Stored data entries:
lemma twisted_sum_nonzero_imp_dvd_all:
  assumes nonzero: "twisted_sum a1 a2 a3 \<noteq> 0" and a: "a \<in> {a1, a2, a3}" and "p ^ j dvd a"
    and b: "b \<in> {a1, a2, a3}"
  shows "p ^ j dvd b"
proof -
  have "j < k"
    by (rule twisted_sum_nonzero_imp_less[OF nonzero a \<open>p ^ j dvd a\<close>])
  then have "p ^ (k - (k - j)) dvd a1 * a2 * a3"
    using \<open>p ^ j dvd a\<close> a by auto
  then show ?thesis
    using twisted_sum_nonzero_imp_dvd[OF nonzero b _ _ twisted_sum_nonzero_imp_induced_modulus[OF assms(1-3)]]
      \<open>j < k\<close> by simp
qed

lemma twisted_sum_nonzero_imp_not_induced_modulus:
  assumes nonzero: "twisted_sum a1 a2 a3 \<noteq> 0" and a: "a \<in> {a1, a2, a3}"
    and "p ^ j dvd a" and not_dvd: "\<not> p ^ Suc j dvd a" and "1 \<le> j"
  shows "\<not> induced_modulus (p ^ k) \<psi> (p ^ (k - j - 1))"
proof
  assume induced: "induced_modulus (p ^ k) \<psi> (p ^ (k - j - 1))"
  then have "k - j - 1 \<ge> 1"
    using not_induced_modulus_1 by (cases "k - j - 1") auto
  have dvd_all: "p ^ j dvd b" if "b \<in> {a1, a2, a3}" for b
    using twisted_sum_nonzero_imp_dvd_all[OF nonzero a \<open>p ^ j dvd a\<close> that] .
  have "p dvd p ^ j"
    using \<open>1 \<le> j\<close> by (simp add: dvd_power)
  then have "p ^ j * p dvd a1 * a2"
    using dvd_all by (intro mult_dvd_mono) (auto intro: dvd_trans)
  then have "p ^ Suc j dvd a1 * a2 * a3"
    unfolding power_Suc2 by (rule dvd_mult2)
  moreover have "k - (k - j - 1) = Suc j"
    using twisted_sum_nonzero_imp_less[OF nonzero a \<open>p ^ j dvd a\<close>] by simp
  ultimately have "p ^ Suc j dvd a"
    using twisted_sum_nonzero_imp_dvd[OF nonzero a \<open>k - j - 1 \<ge> 1\<close> _ induced] by simp
  with not_dvd show False ..
qed

lemma twisted_sum_nonzero_imp_conductor_and_valuations:
  assumes nonzero: "twisted_sum a1 a2 a3 \<noteq> 0" and a: "a \<in> {a1, a2, a3}"
    and mult_a: "multiplicity p a = j" and "1 \<le> j"
  shows "dchar_conductor (p ^ k) \<psi> = p ^ (k - j) \<and>
         multiplicity p a1 = j \<and> multiplicity p a2 = j \<and> multiplicity p a3 = j"
proof -
  have "a \<noteq> 0" and "\<not> is_unit p"
    using mult_a \<open>1 \<le> j\<close> prime not_prime_unit by auto
  then have dvd_a: "p ^ j dvd a" and not_dvd_a: "\<not> p ^ Suc j dvd a"
    using power_dvd_iff_le_multiplicity[OF \<open>a \<noteq> 0\<close> \<open>\<not> is_unit p\<close>] mult_a
    by (simp_all del: power_Suc)
  have induced: "induced_modulus (p ^ k) \<psi> (p ^ (k - j))"
    by (rule twisted_sum_nonzero_imp_induced_modulus[OF nonzero a dvd_a])
  have not_induced: "\<not> induced_modulus (p ^ k) \<psi> (p ^ (k - j - 1))"
    by (rule twisted_sum_nonzero_imp_not_induced_modulus[OF nonzero a dvd_a not_dvd_a \<open>1 \<le> j\<close>])
  have "multiplicity p b = j" if b: "b \<in> {a1, a2, a3}" for b
  proof (rule multiplicity_eqI)
    show "p ^ j dvd b"
      by (rule twisted_sum_nonzero_imp_dvd_all[OF nonzero a dvd_a b])
    show "\<not> p ^ Suc j dvd b"
      using twisted_sum_nonzero_imp_induced_modulus[OF nonzero b] not_induced by auto
  qed
  moreover have "dchar_conductor (p ^ k) \<psi> = p ^ (k - j)"
    using dchar_conductor_prime_power[OF prime _ induced] not_induced by simp
  ultimately show ?thesis
    by simp
qed

end

lemma Hunr_cong:
  assumes "1 \<le> k" and "[m = m'] (mod p ^ k)"
  shows "Hunr p eps xi \<gamma> c0 k m n = Hunr p eps xi \<gamma> c0 k m' n"
proof -
  have mn: "[m * n = m' * n] (mod p ^ k)"
    using assms(2) by (rule cong_mult[OF _ cong_refl])
  then have "[m * n = m' * n] (mod p)"
    by (rule cong_dvd_modulus) (use assms(1) in \<open>simp add: dvd_power\<close>)
  then have "p dvd m * n \<longleftrightarrow> p dvd m' * n"
    by (rule cong_dvd_iff)
  moreover have "[Lnorm eps t = m * n] (mod p ^ k) \<longleftrightarrow> [Lnorm eps t = m' * n] (mod p ^ k)" for t
    using mn cong_sym cong_trans by blast
  ultimately show ?thesis
    unfolding Hunr_def by simp
qed

lemma Hunr_multiple: "p dvd m \<Longrightarrow> Hunr p eps xi \<gamma> c0 k m n = 0"
  unfolding Hunr_def by simp

theorem lemma5p15:
  fixes p eps :: int and k j :: nat and i :: nat and a :: "nat \<Rightarrow> int"
    and xi :: "int \<times> int \<Rightarrow> complex" and \<gamma> :: complex and \<psi> :: "int \<Rightarrow> complex"
  assumes "prime p" and "odd p"
    and "\<not> QuadRes p eps"
    and "unr_xi p eps k xi"
    and "norm \<gamma> = 1"
    and "k \<ge> 2" and "k \<ge> 10 \<or> p \<ge> 10"
    and "dirichlet_char (p^k) \<psi>" and "\<exists>b. coprime b (p^k) \<and> \<psi> b \<noteq> 1"
    and "i \<in> {1,2,3}" and "1 \<le> j" and "j \<le> k" and "multiplicity p (a i) = j"
    and "Hhat p eps xi \<gamma> k k \<psi> (a 1) (a 2) (a 3) \<noteq> 0"
  shows "dchar_conductor (p^k) \<psi> = p^(k-j) \<and>
         multiplicity p (a 1) = j \<and> multiplicity p (a 2) = j \<and> multiplicity p (a 3) = j"
proof -
  interpret prime_power_twist p k \<psi> "\<lambda>m. Hunr p eps xi \<gamma> k k m 1"
  proof
    show "Hunr p eps xi \<gamma> k k m 1 = Hunr p eps xi \<gamma> k k m' 1" if "[m = m'] (mod p ^ k)" for m m'
      using Hunr_cong[OF _ that] \<open>k \<ge> 2\<close> by simp
    show "Hunr p eps xi \<gamma> k k m 1 = 0" if "\<not> coprime m (p ^ k)" for m
    proof (rule Hunr_multiple)
      have "\<not> coprime m p"
        using that \<open>k \<ge> 2\<close> by simp
      then show "p dvd m"
        using \<open>prime p\<close> prime_imp_coprime coprime_commute by blast
    qed
  qed (use assms in auto)
  have "twisted_sum (a 1) (a 2) (a 3) \<noteq> 0"
    using assms(14) unfolding Hhat_def twisted_sum_def by auto
  moreover have "a i \<in> {a 1, a 2, a 3}"
    using assms(10) by auto
  ultimately show ?thesis
    using twisted_sum_nonzero_imp_conductor_and_valuations assms(11,13) by blast
qed

end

**WHAT THE EXERCISE ASKS**: Every line in the entries that contains the word "longleftrightarrow" should be counted, and the total stated alone.

**OUTPUT BELOW**: 2